Mayor Michael Hancock will consider raising the minimum wage to $15 an hour for city employees, his office announced in a press release Tuesday. If enacted, the pay rate would apply to contractors and other businesses that operate in city-owned buildings.
The Denver Department of Finance will explore the viability of the higher wage, which would get implemented over "several years," the statement said.
The announcement coincides with a ballot initiative, likely to go before voters in May, that would raise the minimum hourly wage for workers at Denver International Airport to $15. Colorado's minimum wage will rise to $12 in 2020, so we're looking at a $3 increase by the time the wage gets implemented.
"Lower- and middle-income workers are struggling to get by. I've been meeting with many employees and listened to stories and experiences," Hancock said in a written statement. "I believe we have an opportunity here to make a meaningful difference in people's lives."
Fifteen dollars today probably won't be worth $15 years from now, though.

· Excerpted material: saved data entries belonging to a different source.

lemma sensitive_edges_parity_subset:
  fixes k :: nat
  assumes "\<forall>x\<in>cube n. g x = odd (card {j. j < k \<and> gs j x})"
  shows "sensitive_edges n r g \<subseteq> (\<Union>j<k. sensitive_edges n r (gs j))"
proof
  fix p assume p: "p \<in> sensitive_edges n r g"
  then obtain x i where xi: "p = (x, i)" "(x, i) \<in> up_edges n r" "g (x(i := True)) \<noteq> g x"
    by (auto simp: sensitive_edges_def)
  with assms up_edge_endpoints_cube
  have "{j. j < k \<and> gs j (x(i := True))} \<noteq> {j. j < k \<and> gs j x}" by metis
  then obtain j where "j < k" "gs j (x(i := True)) \<noteq> gs j x" by blast
  with xi show "p \<in> (\<Union>j<k. sensitive_edges n r (gs j))"
    by (auto simp: sensitive_edges_def)
qed

lemma edge_sensitivity_parity_le:
  fixes k :: nat
  assumes "\<forall>x\<in>cube n. g x = odd (card {j. j < k \<and> gs j x})"
  shows "edge_sensitivity n r g \<le> (\<Sum>j<k. edge_sensitivity n r (gs j))"
proof -
  have "card (sensitive_edges n r g) \<le> card (\<Union>j<k. sensitive_edges n r (gs j))"
    by (intro card_mono finite_UN_I finite_lessThan finite_sensitive_edges
        sensitive_edges_parity_subset[OF assms])
  also have "\<dots> \<le> (\<Sum>j<k. card (sensitive_edges n r (gs j)))"
    by (rule card_UN_le) simp
  finally have "real (card (sensitive_edges n r g)) \<le> (\<Sum>j<k. real (card (sensitive_edges n r (gs j))))"
    by (simp flip: of_nat_sum)
  then show ?thesis
    unfolding edge_sensitivity_def sum_divide_distrib[symmetric] by (rule divide_right_mono) simp
qed

lemma sum_edge_sensitivity_k_monotone:
  assumes "k_monotone n k g"
  shows "(\<Sum>r<n. edge_sensitivity n r g) \<le> real k"
proof -
  obtain gs where mono: "\<forall>j<k. bool_monotone n (gs j)"
    and parity: "\<forall>x\<in>cube n. g x = odd (card {j. j < k \<and> gs j x})"
    using assms unfolding k_monotone_def by blast
  have "(\<Sum>r<n. edge_sensitivity n r g) \<le> (\<Sum>r<n. \<Sum>j<k. edge_sensitivity n r (gs j))"
    using parity by (intro sum_mono edge_sensitivity_parity_le)
  also have "\<dots> = (\<Sum>j<k. \<Sum>r<n. edge_sensitivity n r (gs j))"
    by (rule sum.swap)
  also have "\<dots> \<le> (\<Sum>j<k. 1)"
    using mono by (intro sum_mono sum_edge_sensitivity_monotone) simp
  finally show ?thesis by simp
qed

definition swap_sensitive :: "nat \<Rightarrow> nat \<Rightarrow> ((nat \<Rightarrow> bool) \<Rightarrow> 'b) \<Rightarrow> nat \<Rightarrow> nat \<Rightarrow> (nat \<Rightarrow> bool) set" where
  "swap_sensitive n r g a b = {x \<in> slice n r. x a \<and> \<not> x b \<and> g (swap_coords a b x) \<noteq> g x}"

lemma card_swap_disagree_le:
  "card {x \<in> slice n r. g (swap_coords i j x) \<noteq> g x}
     \<le> card (swap_sensitive n r g i j) + card (swap_sensitive n r g j i)"
proof -
  have "{x \<in> slice n r. g (swap_coords i j x) \<noteq> g x}
      \<subseteq> swap_sensitive n r g i j \<union> swap_sensitive n r g j i"
  proof
    fix x assume x: "x \<in> {x \<in> slice n r. g (swap_coords i j x) \<noteq> g x}"
    then have "x i \<noteq> x j" using swap_coords_eq_self by force
    with x show "x \<in> swap_sensitive n r g i j \<union> swap_sensitive n r g j i"
      using swap_coords_commute[of i j x] by (auto simp: swap_sensitive_def)
  qed
  then have "card {x \<in> slice n r. g (swap_coords i j x) \<noteq> g x}
      \<le> card (swap_sensitive n r g i j \<union> swap_sensitive n r g j i)"
    using finite_slice by (intro card_mono) (auto simp: swap_sensitive_def)
  also have "\<dots> \<le> card (swap_sensitive n r g i j) + card (swap_sensitive n r g j i)"
    by (rule card_Un_le)
  finally show ?thesis .
qed

text \<open>The path x \<rightarrow> x(b := True) \<leftarrow> swap_coords a b x consists of two edges between
  slices r and r+1; if g differs at its ends, one of them is sensitive.\<close>

lemma swap_sensitive_charge:
  assumes "x \<in> swap_sensitive n r g a b" "a < n" "b < n"
  shows "(x, b) \<in> sensitive_edges n r g \<or> (swap_coords a b x, a) \<in> sensitive_edges n r g"
proof -
  have x: "x \<in> slice n r" "x a" "\<not> x b" "g (swap_coords a b x) \<noteq> g x"
    using assms(1) by (auto simp: swap_sensitive_def)
  have "(swap_coords a b x)(a := True) = x(b := True)"
    by (rule ext) (use x in \<open>auto simp: swap_coords_def\<close>)
  moreover have "(x, b) \<in> up_edges n r" "(swap_coords a b x, a) \<in> up_edges n r"
    using x assms slice_swap_coords by (auto simp: up_edges_def swap_coords_def)
  ultimately show ?thesis using x(4) by (auto simp: sensitive_edges_def)
qed

lemma card_swap_sensitive_le:
  fixes r :: nat and g :: "(nat \<Rightarrow> bool) \<Rightarrow> 'b"
  assumes "a < n" "b < n"
  defines "D \<equiv> sensitive_edges n r g"
  shows "card (swap_sensitive n r g a b)
    \<le> card {x \<in> slice n r. x a \<and> (x, b) \<in> D} + card {w \<in> slice n r. w b \<and> (w, a) \<in> D}"
proof -
  let ?X = "{x \<in> slice n r. x a \<and> (x, b) \<in> D}"
  let ?Y = "{x \<in> swap_sensitive n r g a b. (swap_coords a b x, a) \<in> D}"
  have "card (swap_sensitive n r g a b) \<le> card (?X \<union> ?Y)"
    using swap_sensitive_charge[OF _ assms(1,2)] finite_slice
    by (intro card_mono) (auto simp: D_def swap_sensitive_def)
  also have "\<dots> \<le> card ?X + card ?Y"
    by (rule card_Un_le)
  also have "card ?Y \<le> card {w \<in> slice n r. w b \<and> (w, a) \<in> D}"
  proof (rule card_inj_on_le)
    show "inj_on (swap_coords a b) ?Y"
      by (metis (no_types, lifting) inj_onI swap_coords_swap_coords)
    show "swap_coords a b ` ?Y \<subseteq> {w \<in> slice n r. w b \<and> (w, a) \<in> D}"
    proof
      fix w assume "w \<in> swap_coords a b ` ?Y"
      then obtain x where x: "x \<in> swap_sensitive n r g a b" "(w, a) \<in> D" "w = swap_coords a b x"
        by blast
      then have "w \<in> slice n r"
        using assms by (auto simp: swap_sensitive_def intro: slice_swap_coords)
      moreover have "w b"
        using x by (simp add: swap_sensitive_def swap_coords_def)
      ultimately show "w \<in> {w \<in> slice n r. w b \<and> (w, a) \<in> D}"
        using x by simp
    qed
  qed (simp add: finite_slice)
  finally show ?thesis by simp
qed
(* Let $\mathcal{A}$ be a cost automaton over a finite alphabet $\Sigma$ and let $L \subseteq \Sigma^*$ be a regular language. The winning condition for player B in the limitedness game with bound $\infty$ (for $\mathcal{A}$ and $L$) is an $\omega$-regular language, i.e. it is recognised by a nondeterministic Büchi automaton.
   Context: A cost automaton is a nondeterministic finite automaton (finite input alphabet, finite set of states, set of initial states, set of final states, finite set of transitions, each transition reading one input letter) additionally equipped with a finite totally ordered set of counters $0,\ldots,n$. For each counter $c$ there is a distinguished subset of transitions that increment $c$ and a distinguished subset of transitions that reset $c$; every transition that resets or increments counter $c$ must also reset all counters $0,\ldots,c-1$. A (finite or infinite) run is a consistent sequence of transitions (the target of each transition equals the source of the next) whose first transition starts in an initial state; a finite run is accepting if it ends in a final state. For sets of transitions $\delta_1,\delta_2,\ldots$, a run in $\delta_1\cdots\delta_i$ (resp. in $\delta_1\delta_2\cdots$) is a run whose $j$-th transition belongs to $\delta_j$ for every $j$. The limitedness game with bound $\infty$ is the following Gale-Stewart game (two players alternate for $\omega$ rounds, player A choosing a letter of his alphabet and then player B a letter of hers, producing an infinite word $a_1\delta_1a_2\delta_2\cdots$; player B wins iff this word lies in the winning condition). Player A's alphabet is $\Sigma$. Player B's alphabet is the set of all sets $\delta$ of transitions of $\mathcal{A}$ such that all transitions in $\delta$ read the same letter $a$ (formally, the union over $a\in\Sigma$ of the sets of sets of transitions reading $a$). The winning condition for player B is the set of sequences $a_1\delta_1a_2\delta_2\cdots$ such that for every $i$: (1) every transition in $\delta_i$ reads the letter $a_i$; (2') for every infinite run in $\delta_1\delta_2\cdots$ and every counter $c$, if the run increments $c$ infinitely often then it resets $c$ infinitely often; (3) if $a_1\cdots a_i\in L$ then some run in $\delta_1\cdots\delta_i$ is accepting. *)

theory Defs
  imports Main
begin

record ('q, 'a) nfa =
  nfa_states :: "'q set"
  nfa_init   :: "'q set"
  nfa_trans  :: "('q \<times> 'a \<times> 'q) set"
  nfa_final  :: "'q set"

definition nfa_wf :: "'a set \<Rightarrow> ('q, 'a) nfa \<Rightarrow> bool" where
  "nfa_wf \<Sigma> N \<longleftrightarrow> finite (nfa_states N) \<and> nfa_init N \<subseteq> nfa_states N
     \<and> nfa_final N \<subseteq> nfa_states N
     \<and> nfa_trans N \<subseteq> nfa_states N \<times> \<Sigma> \<times> nfa_states N"

definition nfa_accepts :: "('q, 'a) nfa \<Rightarrow> 'a list \<Rightarrow> bool" where
  "nfa_accepts N w \<longleftrightarrow> (\<exists>r :: nat \<Rightarrow> 'q. r 0 \<in> nfa_init N
     \<and> (\<forall>k < length w. (r k, w ! k, r (Suc k)) \<in> nfa_trans N)
     \<and> r (length w) \<in> nfa_final N)"

definition regular_lang :: "'a set \<Rightarrow> 'a list set \<Rightarrow> bool" where
  "regular_lang \<Sigma> L \<longleftrightarrow> (\<exists>N :: (nat, 'a) nfa. nfa_wf \<Sigma> N \<and> L = {w. nfa_accepts N w})"

record ('q, 'b) buchi =
  bu_states :: "'q set"
  bu_init   :: "'q set"
  bu_trans  :: "('q \<times> 'b \<times> 'q) set"
  bu_acc    :: "'q set"

definition buchi_wf :: "'b set \<Rightarrow> ('q, 'b) buchi \<Rightarrow> bool" where
  "buchi_wf \<Gamma> B \<longleftrightarrow> finite (bu_states B) \<and> bu_init B \<subseteq> bu_states B
     \<and> bu_acc B \<subseteq> bu_states B
     \<and> bu_trans B \<subseteq> bu_states B \<times> \<Gamma> \<times> bu_states B"

definition buchi_accepts :: "('q, 'b) buchi \<Rightarrow> (nat \<Rightarrow> 'b) \<Rightarrow> bool" where
  "buchi_accepts B w \<longleftrightarrow> (\<exists>r :: nat \<Rightarrow> 'q. r 0 \<in> bu_init B
     \<and> (\<forall>k. (r k, w k, r (Suc k)) \<in> bu_trans B)
     \<and> (\<exists>\<^sub>\<infinity>k. r k \<in> bu_acc B))"

definition buchi_lang :: "('q, 'b) buchi \<Rightarrow> (nat \<Rightarrow> 'b) set" where
  "buchi_lang B = {w. buchi_accepts B w}"

text \<open>Transitions are elements of an abstract type 't, with source, letter and target.
  Counters are 0..ca_n. Transitions in ca_incr c increment counter c, those in
  ca_reset c reset counter c.\<close>

record ('s, 'a, 't) cost_aut =
  ca_alph   :: "'a set"
  ca_states :: "'s set"
  ca_init   :: "'s set"
  ca_final  :: "'s set"
  ca_trans  :: "'t set"
  ca_src    :: "'t \<Rightarrow> 's"
  ca_lbl    :: "'t \<Rightarrow> 'a"
  ca_tgt    :: "'t \<Rightarrow> 's"
  ca_n      :: nat
  ca_incr   :: "nat \<Rightarrow> 't set"
  ca_reset  :: "nat \<Rightarrow> 't set"

definition cost_aut_wf :: "('s, 'a, 't) cost_aut \<Rightarrow> bool" where
  "cost_aut_wf A \<longleftrightarrow> finite (ca_alph A) \<and> finite (ca_states A)
     \<and> ca_init A \<subseteq> ca_states A \<and> ca_final A \<subseteq> ca_states A
     \<and> finite (ca_trans A)
     \<and> (\<forall>t \<in> ca_trans A. ca_src A t \<in> ca_states A \<and> ca_tgt A t \<in> ca_states A
                          \<and> ca_lbl A t \<in> ca_alph A)
     \<and> (\<forall>c \<le> ca_n A. ca_incr A c \<subseteq> ca_trans A \<and> ca_reset A c \<subseteq> ca_trans A)
     \<and> (\<forall>c > ca_n A. ca_incr A c = {} \<and> ca_reset A c = {})
     \<and> (\<forall>c \<le> ca_n A. \<forall>t \<in> ca_incr A c \<union> ca_reset A c. \<forall>c' < c. t \<in> ca_reset A c')"

definition B_alph :: "('s, 'a, 't) cost_aut \<Rightarrow> 't set set" where
  "B_alph A = (\<Union>a \<in> ca_alph A. Pow {t \<in> ca_trans A. ca_lbl A t = a})"

text \<open>Infinite run in d 0, d 1, ... (0-indexed: the (j+1)-th transition lies in d j).\<close>
definition inf_run_in :: "('s, 'a, 't) cost_aut \<Rightarrow> (nat \<Rightarrow> 't set) \<Rightarrow> (nat \<Rightarrow> 't) \<Rightarrow> bool" where
  "inf_run_in A d \<rho> \<longleftrightarrow> ca_src A (\<rho> 0) \<in> ca_init A
     \<and> (\<forall>j. \<rho> j \<in> d j)
     \<and> (\<forall>j. ca_tgt A (\<rho> j) = ca_src A (\<rho> (Suc j)))"

text \<open>Finite run in d 0 ... d (i-1), i.e. a list of i transitions, i \<ge> 1.\<close>
definition fin_run_in :: "('s, 'a, 't) cost_aut \<Rightarrow> (nat \<Rightarrow> 't set) \<Rightarrow> nat \<Rightarrow> 't list \<Rightarrow> bool" where
  "fin_run_in A d i ts \<longleftrightarrow> length ts = i \<and> ts \<noteq> []
     \<and> ca_src A (ts ! 0) \<in> ca_init A
     \<and> (\<forall>j < i. ts ! j \<in> d j)
     \<and> (\<forall>j. Suc j < i \<longrightarrow> ca_tgt A (ts ! j) = ca_src A (ts ! Suc j))"

definition fin_run_accepting :: "('s, 'a, 't) cost_aut \<Rightarrow> 't list \<Rightarrow> bool" where
  "fin_run_accepting A ts \<longleftrightarrow> ca_tgt A (last ts) \<in> ca_final A"

text \<open>The interleaved infinite word a_1 d_1 a_2 d_2 ... (0-indexed sequences a, d).\<close>
definition interleave :: "(nat \<Rightarrow> 'a) \<Rightarrow> (nat \<Rightarrow> 'd) \<Rightarrow> nat \<Rightarrow> 'a + 'd" where
  "interleave a d k = (if even k then Inl (a (k div 2)) else Inr (d (k div 2)))"

definition game_alph :: "('s, 'a, 't) cost_aut \<Rightarrow> ('a + 't set) set" where
  "game_alph A = Inl ` ca_alph A \<union> Inr ` B_alph A"

definition win_inf :: "('s, 'a, 't) cost_aut \<Rightarrow> 'a list set \<Rightarrow> (nat \<Rightarrow> 'a + 't set) set" where
  "win_inf A L = {interleave a d | a d.
      (\<forall>i. a i \<in> ca_alph A \<and> d i \<in> B_alph A)
    \<and> (\<forall>i. \<forall>t \<in> d i. ca_lbl A t = a i)
    \<and> (\<forall>\<rho>. inf_run_in A d \<rho> \<longrightarrow>
          (\<forall>c \<le> ca_n A. (\<exists>\<^sub>\<infinity>j. \<rho> j \<in> ca_incr A c) \<longrightarrow> (\<exists>\<^sub>\<infinity>j. \<rho> j \<in> ca_reset A c)))
    \<and> (\<forall>i \<ge> 1. map a [0..<i] \<in> L \<longrightarrow>
          (\<exists>ts. fin_run_in A d i ts \<and> fin_run_accepting A ts))}"

end

theory Submission
  imports Defs "HOL-Library.Ramsey" "HOL-Library.Infinite_Set"
begin

(* Condition (2') is the only part of the winning condition that is not a safety property.
  Summarise a segment of the sequence of transition sets by the set of profiles (source, target,
  counters reset, counters incremented) of the paths through it. Profile sets compose, and there
  are finitely many of them, so by Ramsey's theorem there are infinitely many positions between
  any two of which the profile set is one and the same idempotent set tau. Condition (2') fails
  iff some state reachable at such a position lies on a loop of tau that increments a counter
  without resetting it: such a loop can be pumped into a bad run, and conversely a bad run
  revisits one state at two such positions after its last reset of the offending counter.
  The Buechi automaton guesses tau, runs the subset constructions for the language L and for the
  reachable states of the cost automaton, accumulates the profile set of the current segment,
  and accepts when it closes segments into checkpoints infinitely often. *)

lemma Ramsey_ordered_pairs:
  fixes g :: "nat \<Rightarrow> nat \<Rightarrow> 'c"
  assumes "infinite Z" and "finite C" and "\<And>x y. x \<in> Z \<Longrightarrow> y \<in> Z \<Longrightarrow> x < y \<Longrightarrow> g x y \<in> C"
  obtains Y c where "Y \<subseteq> Z" "infinite Y" "\<And>x y. x \<in> Y \<Longrightarrow> y \<in> Y \<Longrightarrow> x < y \<Longrightarrow> g x y = c"
proof -
  obtain idx where idx: "bij_betw idx C {0..<card C}"
    using ex_bij_betw_finite_nat[OF assms(2)] by blast
  define f where "f X = idx (g (Min X) (Max X))" for X :: "nat set"
  have "f {x, y} < card C" if "x \<in> Z" "y \<in> Z" "x \<noteq> y" for x y
  proof -
    have "g (Min {x, y}) (Max {x, y}) \<in> C"
      using that assms(3) by (cases "x < y") (auto simp: min_def max_def)
    then show ?thesis using idx unfolding f_def bij_betw_def by auto
  qed
  then obtain Y t where Y: "Y \<subseteq> Z" "infinite Y" and t: "\<forall>x\<in>Y. \<forall>y\<in>Y. x \<noteq> y \<longrightarrow> f {x, y} = t"
    using Ramsey2[OF assms(1)] by metis
  obtain x0 y0 where xy0: "x0 \<in> Y" "y0 \<in> Y" "x0 < y0"
    using Y(2) by (metis infinite_nat_iff_unbounded not_finite_existsD)
  have "g x y = g x0 y0" if "x \<in> Y" "y \<in> Y" "x < y" for x y
  proof -
    have f_pair: "f {u, v} = idx (g u v)" if "u < v" for u v
      using that by (simp add: f_def min_def max_def)
    have "idx (g x y) = idx (g x0 y0)"
      using t that xy0 f_pair by (metis less_irrefl)
    moreover have "g x y \<in> C" "g x0 y0 \<in> C" using that xy0 Y(1) assms(3) by auto
    ultimately show ?thesis using idx unfolding bij_betw_def inj_on_def by blast
  qed
  then show thesis using that Y by blast
qed

lemma INFM_nat_div_2: "(\<exists>\<^sub>\<infinity>k. P (k div 2)) \<longleftrightarrow> (\<exists>\<^sub>\<infinity>m::nat. P m)"
  unfolding INFM_nat
proof (intro iffI allI)
  fix M
  assume "\<forall>M. \<exists>k>M. P (k div 2)"
  then obtain k where "2 * M + 1 < k" "P (k div 2)" by blast
  moreover have "M < k div 2" using calculation(1) by presburger
  ultimately show "\<exists>m>M. P m" by blast
next
  fix M
  assume "\<forall>M. \<exists>m>M. P m"
  then obtain m where "M < m" "P m" by blast
  then show "\<exists>k>M. P (k div 2)" by (intro exI[of _ "2 * m"]) simp
qed

definition prev_in :: "nat set \<Rightarrow> nat \<Rightarrow> nat" where
  "prev_in H m = Max {h \<in> H. h \<le> m}"

definition next_in :: "nat set \<Rightarrow> nat \<Rightarrow> nat" where
  "next_in H h = (LEAST h'. h' \<in> H \<and> h < h')"

lemma prev_in:
  assumes "h \<in> H" "h \<le> m"
  shows "prev_in H m \<in> H" "h \<le> prev_in H m" "prev_in H m \<le> m"
proof -
  have fin: "finite {h \<in> H. h \<le> m}" by (rule finite_subset[of _ "{..m}"]) auto
  have "h \<in> {h \<in> H. h \<le> m}" using assms by blast
  then show "prev_in H m \<in> H" "h \<le> prev_in H m" "prev_in H m \<le> m"
    using Max_in[OF fin] Max_ge[OF fin] unfolding prev_in_def by blast+
qed

lemma prev_in_self: "m \<in> H \<Longrightarrow> prev_in H m = m"
  using prev_in[of m H m] by simp

lemma prev_in_Suc:
  assumes "h \<in> H" "h \<le> m" "Suc m \<notin> H"
  shows "prev_in H (Suc m) = prev_in H m"
proof (rule antisym)
  have "prev_in H (Suc m) \<in> H" "prev_in H (Suc m) \<le> Suc m"
    using prev_in[of h H "Suc m"] assms by simp_all
  then have "prev_in H (Suc m) \<le> m" using assms(3) le_Suc_eq by auto
  then show "prev_in H (Suc m) \<le> prev_in H m"
    using prev_in(2) \<open>prev_in H (Suc m) \<in> H\<close> by blast
  show "prev_in H m \<le> prev_in H (Suc m)"
    using prev_in[OF assms(1,2)] prev_in(2)[of "prev_in H m" H "Suc m"] by simp
qed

Inflation and higher living costs could dull the edge of the wage. According to the Massachusetts Institute of Technology's living wage calculator, a single parent with a child needs to make $28 per hour to get by, while an individual needs about $13.
I asked a spokesperson for the mayor's office, Mike Strott, why the mayor's office set the figure at $15 before a review took place. That pay floor is the "rallying cry" nationally for a livable wage, Strott said, adding that a couple in which each person makes $15 would result in "a significant boost for income" and "lessen the burden on housing costs and other amenities."
The pay study should be complete by early 2019, Strott said. We'll know then if and when the wage will go live.
City Councilman Paul Kashmann told Denverite he applauded the mayor's move in this direction, but remains concerned about "the insidious effects of poverty."
"You can easily do the math and figure out how much someone needs to earn," Kashmann said. "What doesn't translate as easily ... is how much time working people are going to have to read to their children. The kid who doesn't get that time being read to, how many words are gonna be in that kid's vocabulary when they get to kindergarten as opposed to the kid who gets read to?"
This article was updataed to reflect the correct wage of Colorado workers come 2020.